After seven unexcused absences, a notification letter is sent to the parent/guardian, again reminding them of the possible penalties/consequences and explanation of attendance exceptions.

Even after this exhaustive process, some parents/guardians still do not comply.

When the problem reaches 10 unexcused absences, a criminal warrant is filed with the Magistrate Court for violation of Georgia’s Compulsory Attendance Law. A subpoena is delivered, and if the parent/guardian doesn’t show up for court, a warrant is served. Green said they are actually handcuffed and taken to jail, where they are required to either post a bond or remain in jail until a hearing before the court. Green commented that most of the truancy problems are in the lower grades.

“Students in pre-K, kindergarten, first and second grades are the cases going to court now,” he said, adding that there are a few from the middle grades as well.

Green said the majority of these cases involve parents who do not work, and said the majority of the student offenders are from single-parent households.

“It’s very rare for me to ever have to take a husband and wife to court,” he said.

Choates praised Green for the “outstanding job” he’s done, and stresses that the system is redoubling its efforts.

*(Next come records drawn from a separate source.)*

definition kdelta :: "nat \<Rightarrow> nat \<Rightarrow> complex" where
  "kdelta a b = (if a = b then 1 else 0)"

end

theory Submission
  imports Defs
begin

(* Since x \<mapsto> x t maps each cyclotomic class onto another one, and -1 lies in the class
   of index \<theta>, the Gaussian periods multiply as
     eta_i eta_(i+s) = f delta(\<theta>,s) + sum_j (s,j) eta_(i+j).
   Hence the shifted sums m(k,\<nu>) = n(k,\<nu>) + f^k satisfy m(0,.) = 0, m(1,.) = p delta(\<theta>,.) and
     m(k+2) = C m(k+1) + f m(k,0) delta(\<theta>,.),
   where C is the matrix of cyclotomic numbers. Decomposing a solution of this recurrence
   according to the first use of the rank-one term gives
     m(n+1) = p C^n delta(\<theta>,.) + f sum_(i<n) (C^i delta(\<theta>,.))_0 m(n-1-i),
   and the entries of C^(r+1) delta(\<theta>,.) are the chains (a,i_1)(i_1,i_2)...(i_r,\<theta>). *)

section \<open>Recurrences with a delayed rank-one term\<close>

definition mat_vec :: "nat \<Rightarrow> (nat \<Rightarrow> nat \<Rightarrow> 'a::comm_semiring_1) \<Rightarrow> (nat \<Rightarrow> 'a) \<Rightarrow> nat \<Rightarrow> 'a" where
  "mat_vec d M x = (\<lambda>v. \<Sum>j<d. M v j * x j)"

fun lin_rec :: "nat \<Rightarrow> (nat \<Rightarrow> nat \<Rightarrow> 'a::comm_semiring_1) \<Rightarrow> 'a \<Rightarrow> (nat \<Rightarrow> 'a) \<Rightarrow> (nat \<Rightarrow> 'a) \<Rightarrow> nat \<Rightarrow> nat \<Rightarrow> 'a" where
  "lin_rec d M F e u 0 = (\<lambda>_. 0)"
| "lin_rec d M F e u (Suc 0) = u"
| "lin_rec d M F e u (Suc (Suc k)) =
     (\<lambda>v. mat_vec d M (lin_rec d M F e u (Suc k)) v + F * lin_rec d M F e u k 0 * e v)"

“He’s [Green] been hitting it harder than I’ve seen since I’ve been here [three years]. This is going to be the norm. We’re going to start at the beginning of the year, and we’re not going to let it slip. We’re dead serious about it.”

After the magistrate court is finished with the parent/guardian offenders, Green takes the case files over to the District Attorney’s Office and the cases go to state court. He said some of the offenders have been to court two or three times.

After 10 consecutive days of truancy, the school system has the right to withdraw the student from school.That action requires a meeting with the principal and the parents who will have to sign an attendance contract and share their plan to correct the issue.

If not, the student can no longer attend the school system. They will have to find another school, because in Georgia, school attendance it compulsory until age 16.

Choates hopes this is the last year they will have these problems in the school system.